# Recoil



## 280IM (Mar 28, 2005)

This has probley been asked before but what center fire rifle that you shot had the most recoil? For me it was a 460 Weatherby and I was dumb enough to sit down at the bench with it..


----------



## Plainsman (Jul 30, 2003)

I'm not sure about the recoil, it may have been the stock that was the killer. I shot a 50/140 sharps from the bench. The buttplate was a steel deep crescent intended to be shot off the upper arm. I had it against my shoulder, and it felt like the upper and lower portions of the crescent buried an inch or two into my shoulder. The guy handed me another round and I said, no thanks that's enough fun for one day. It hurt the next day.


----------



## big_al_09 (Feb 26, 2007)

I forget what caliber it was, but my uncle let me shoot a rifle that he has that's from WWI. that thing kicked like a mother!


----------



## neb_bo (Feb 3, 2007)

i shot an at-4 once. thats an 84 mm antitank shoulder fired rocket. it doesnt kick real bad, but it kinda scares the **** out of you. its loud, and the shockwave is weird. ive got a little single shot 20ga thatll beat you up, and i used to shoot trap with it when i was a kid. mosins tap pretty hard. ive shot 30-378's, and 340 wbys, the 30-378 had a brake, the 340 didnt, but i think a mosin still beats you worse.


----------



## Horsager (Aug 31, 2006)

416 Wby with the brake removed, 378Wby with no brake was just as bad. Both were Classic-Mark's, had real straight stocks like a Rem 700 Classic or Win 70.

I also sighted in a 340Wby for a guy going Musk Ox hunting. That rifle with no brake from a bench was punishing as well.

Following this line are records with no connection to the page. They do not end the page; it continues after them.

lemma propint_tree_graph_add_pendant:
  assumes G: "simple_graph V E" and propint: "propint_tree_graph V E"
    and v: "v \<in> V" and deg: "degree V E v = 1" and x: "x \<notin> V"
  shows "propint_tree_graph (insert x V) (add_pendant E v x)"
proof -
  let ?F = "add_pendant E v x" and ?C = "component V E v"
  have EV: "E a b \<Longrightarrow> a \<in> V \<and> b \<in> V" for a b using G unfolding simple_graph_def by blast
  obtain w where w: "{y \<in> V. E v y} = {w}"
    using deg unfolding degree_def by (meson card_1_singletonE)
  have CV: "?C \<subseteq> V" and vC: "v \<in> ?C" and wC: "w \<in> ?C"
    using w v unfolding component_def by auto
  have "proper_interval_graph (insert x ?C) (add_pendant (induced E ?C) v x)
      \<or> is_tree (insert x ?C) (add_pendant (induced E ?C) v x)"
  proof (rule propint_or_tree_add_pendant)
    show "proper_interval_graph ?C (induced E ?C) \<or> is_tree ?C (induced E ?C)"
      using propint v unfolding propint_tree_graph_def Let_def by blast
    show "connected_graph ?C (induced E ?C)" using component_connected[OF G v] .
    show "finite ?C" using CV G unfolding simple_graph_def by (auto intro: finite_subset)
    show "induced E ?C v w" using w vC wC unfolding induced_def by blast
    show "y = w" if "induced E ?C v y" for y using that w EV unfolding induced_def by blast
  qed (use vC CV x in \<open>auto simp: induced_def\<close>)
  then have new: "proper_interval_graph (insert x ?C) (induced ?F (insert x ?C))
      \<or> is_tree (insert x ?C) (induced ?F (insert x ?C))"
    using induced_add_pendant[OF G x vC CV] by simp
  show ?thesis
    unfolding propint_tree_graph_def Let_def
  proof
    fix y assume y: "y \<in> insert x V"
    show "proper_interval_graph (component (insert x V) ?F y) (induced ?F (component (insert x V) ?F y))
      \<or> is_tree (component (insert x V) ?F y) (induced ?F (component (insert x V) ?F y))"
    proof (cases "y \<in> insert x ?C")
      case True
      then show ?thesis using component_add_pendant_new[OF G v x] new by simp
    next
      case False
      then have "y \<in> V" "y \<notin> ?C" using y by auto
      moreover have "x \<notin> component V E y" using x unfolding component_def by blast
      ultimately show ?thesis
        using component_add_pendant_old[OF G v x] induced_add_pendant_outside[of x] propint
        unfolding propint_tree_graph_def Let_def by simp
    qed
  qed
qed

lemma add_pendant_at_pendant:
  assumes "simple_graph V E" and "propint_tree_graph V E" and "v \<in> V" and "degree V E v = 1"
    and "x \<notin> V"
  shows "simple_graph (insert x V) (add_pendant E v x)
    \<and> propint_tree_graph (insert x V) (add_pendant E v x)
    \<and> degree (insert x V) (add_pendant E v x) x = 1"
  using simple_graph_add_pendant[OF assms(1,3,5)] propint_tree_graph_add_pendant[OF assms]
    degree_add_pendant_new[OF assms(1,3,5)] by blast

lemma tail_edges_1: "tail_edges E v u 1 = add_pendant E v (u 1)"
  unfolding tail_edges_def add_pendant_def by auto

lemma tail_edges_Suc:
  assumes "1 \<le> l"
  shows "tail_edges E v u (Suc l) = add_pendant (tail_edges E v u l) (u l) (u (Suc l))"
  unfolding tail_edges_def add_pendant_def using assms by (auto intro!: ext simp: less_Suc_eq)

lemma tail_vertices_Suc: "tail_vertices u (Suc l) = insert (u (Suc l)) (tail_vertices u l)"
  unfolding tail_vertices_def by (simp add: atLeastAtMostSuc_conv)

theorem lemma10:
  fixes V :: "'a set" and E :: "'a \<Rightarrow> 'a \<Rightarrow> bool" and v :: 'a and u :: "nat \<Rightarrow> 'a" and l :: nat
  assumes "simple_graph V E"
    and "propint_tree_graph V E"
    and "v \<in> V" and "degree V E v = 1"
    and "l \<ge> 1"
    and "inj_on u {1..l}"
    and "u ` {1..l} \<inter> V = {}"
  shows "simple_graph (V \<union> tail_vertices u l) (tail_edges E v u l)
    \<and> propint_tree_graph (V \<union> tail_vertices u l) (tail_edges E v u l)"
proof -
  have "simple_graph (V \<union> tail_vertices u l) (tail_edges E v u l)
    \<and> propint_tree_graph (V \<union> tail_vertices u l) (tail_edges E v u l)
    \<and> degree (V \<union> tail_vertices u l) (tail_edges E v u l) (u l) = 1"
    using \<open>l \<ge> 1\<close> assms(6,7)
  proof (induction l rule: nat_induct_at_least)
    case base
    have "u 1 \<notin> V" using base.prems(2) by auto
    then show ?case
      unfolding tail_edges_1 using add_pendant_at_pendant[OF assms(1-4)] by (simp add: tail_vertices_def)
  next
    case (Suc l)
    let ?V = "V \<union> tail_vertices u l"
    have "inj_on u {1..l}" using Suc.prems(1) by (rule inj_on_subset) auto
    moreover have "u ` {1..l} \<inter> V = {}" using Suc.prems(2) by fastforce
    ultimately have IH: "simple_graph ?V (tail_edges E v u l) \<and> propint_tree_graph ?V (tail_edges E v u l)
        \<and> degree ?V (tail_edges E v u l) (u l) = 1"
      using Suc.IH by blast
    have "u (Suc l) \<notin> V" using Suc.prems(2) by fastforce
    moreover have "u (Suc l) \<notin> u ` {1..l}" using inj_on_image_mem_iff[OF Suc.prems(1)] by simp
    ultimately have "u (Suc l) \<notin> ?V" unfolding tail_vertices_def by blast
    moreover have "u l \<in> ?V" using Suc.hyps unfolding tail_vertices_def by auto
    ultimately show ?case
      unfolding tail_edges_Suc[OF Suc.hyps] tail_vertices_Suc
      using add_pendant_at_pendant[of ?V] IH by simp
  qed
  then show ?thesis by blast
qed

I've also shot a couple of 50 BMG's but they were both 25#+ which made the recoil quite manageable.


----------



## xdeano (Jan 14, 2005)

458 Win Mag was probably the worst i've ever shot. second was a 30-378, I shot three rounds one day at the range, and i was done for the day. I'm glad i sighted in before i started playing.
xdeano


----------



## People (Jan 17, 2005)

My 7mm STW was untill I put a muzel break on it. Now it is like using a 22-250, but way louder.

Using an AR-50 is like a big push Not really a kick at all.


----------



## Sin man (Jul 25, 2006)

probaly a light weight model 70 with a sporter barrel in a 7mm rem mag off a bench.


----------



## bandman (Feb 13, 2006)

It's tough to say, but I remember shooting a Lazzeroni 7.82 which had quite a bite to it. At $5 a shell and $100/box ammunition costs for these guns are ridiculous.


----------



## iwantabuggy (Feb 15, 2005)

I don't know if it is technically the hardest recoiling gun I have ever shot, but a Mossberg 835 with 2 oz of shot doing in the ball park of 1350 fps kicks pretty dang hard. I don't notice it too much shooting off hand, sitting, or kneeling, but when I was patterning it I shot it prone and it has quite a wallop.


----------



## clampdaddy (Aug 9, 2006)

I have a little single shot H&R 10ga turkey gun that is pretty gnarley to fire in any position other than standing. 
As far as rifles go, believe it or not, the worst bit&$ slap I've ever recieved from a rifle was a custom super lightweight mauser chambered in 7X57mm. It planted my thumb knuckle into my face just hard enough to bust my lip. I'll shoot my 45-110 or my 10ga all day but for some reason that little ba$tar& was simply vicious (and I'm building one just like it :eyeroll: ).


----------